Who are your favourite musicians/composers?

Far too many composers to list comprehensively, but I’m particularly fond of the solo piano literature that I studied early in life – Bach, Beethoven, and Schumann especially. I also love some of the piano works of composers like Bartok, Carter, Debussy, Ives, Ligeti, Rzewski, Schoenberg, Ustvolskaya, and BA Zimmermann. In addition to the great French and German art song literature, I love the songs (and operas) of Argento, Britten, Carter, Crumb, Hoiby, and Ives.
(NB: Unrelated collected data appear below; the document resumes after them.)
lemma rhs_telescoped:
  "rhs a = ramp_bound a \<alpha> + (D - real \<alpha> * V) * a (\<alpha> + 1) - (D - real \<beta> * V) * a \<beta>
     + V * (\<Sum>s\<in>{\<beta>+1..m}. a s) + (D - real m * V) * a (m + 1)"
proof -
  have "(\<Sum>s\<in>S. (D - real s * V) * (a s - a (s + 1)))
      = (\<Sum>s\<in>{1..\<alpha>}. (D - real s * V) * (a s - a (s + 1)))
      + (\<Sum>s\<in>{\<beta>..m}. (D - real s * V) * (a s - a (s + 1)))"
    using alpha_less_beta by (intro sum.union_disjoint) auto
  also have "\<dots> = (D - V) * a 1 - V * (\<Sum>s\<in>{2..\<alpha>}. a s) - (D - real \<alpha> * V) * a (\<alpha> + 1)
      + (D - real \<beta> * V) * a \<beta> - V * (\<Sum>s\<in>{\<beta>+1..m}. a s) - (D - real m * V) * a (m + 1)"
    using sum_telescope_linear_weights[of 1 \<alpha> D V a] sum_telescope_linear_weights[of \<beta> m D V a]
      alpha_pos beta_le_m by (simp add: numeral_2_eq_2)
  finally show ?thesis
    unfolding rhs_def ramp_bound_def by (simp add: algebra_simps)
qed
Recent discoveries of note include the beautiful songs and operas of Thomas Adès, Tom Cipullo, Jonathan Dove, Lori Laitman, and Alan Louis Smith.

As an usher at Carnegie Hall for several years, I heard so many amazing performers and ensembles, and although we live in a small New England town, we are located in between New York (3 hours) and Boston (2 hours) and close to festivals like Tanglewood (1.5 hours) so there are a great many well-known musicians I’ve come to know and love.

What I really like to see these days, as much as anything, is the generation of young singers and pianists who are now bringing a new energy to art song in America. Some of them are entrepreneurial and forming non-profit organizations devoted to performance of art songs…some of them fly all over the place performing wherever they can…some commission composer friends to enlarge the literature. They are all incredibly smart, very musical, extremely hard-working, and genuinely some of the loveliest people I’ve met.

As a musician, what is your definition of success?

Writing a song that singers tell me they love to sing, and hearing from those in an audience that my songs helped them understand or appreciate a text in a new or personally meaningful way.

What do you consider to be the most important ideas and concepts to impart to aspiring musicians?

Find your own voice and stick to it. If what you write is done well and is heartfelt, there will be an audience for your music.

Work regularly, every day. If you don’t feel like working or you don’t feel “inspired,” sit down and work. Don’t wait for “inspiration” – only hard work creates art.

Make music with musicians you admire, respect, and enjoy being around. Life is short; spend it with good and supportive people who inspire you to greater heights.

If you can make a living in music, that’s great, but we live in a market-driven world in which classical music is in small demand. Be creative and open-minded in financing your life.

Some people will dislike your music, or may even lack respect for your work, and that’s okay. There is music for every taste and opinion, so find an audience and serve them.

Where would you like to be in 10 years’ time?

Exactly where I am now…healthy…with the people I love…writing and making music.

What is your idea of perfect happiness?

At the end of a day of composing, feeling that I’ve written the best music I could have.

What is your most treasured possession?

I have two most treasured possessions – a wonderful family and good health.

What do you enjoy doing most?

Being involved in a good story. That story might be a poem I am setting in a song, but it might also be a play I’m attending or a novel I’m reading or a painting I’m viewing in a museum. When I’m involved in a wonderful story, my imagination is alive; I’m experiencing new things, learning, and feeling deeply.

What is your present state of mind?

Grateful. I am very fortunate, and I do not take my blessings for granted.

 

 

American art song composer Juliana Hall (b. 1958) is a prolific and highly-regarded composer of vocal music, whose songs have been described as “brilliant” (Washington Post), “beguiling” (Times of London), and “the most genuinely moving music of the afternoon” (Boston Globe). The NATS Journal of Singing wrote that “Hall’s text setting is spot on and exquisite”, and Voix des Arts noted that Hall “perpetuates the American Art Song tradition of Beach, Barber, and Bolcom with music of ingenuity and integrity.”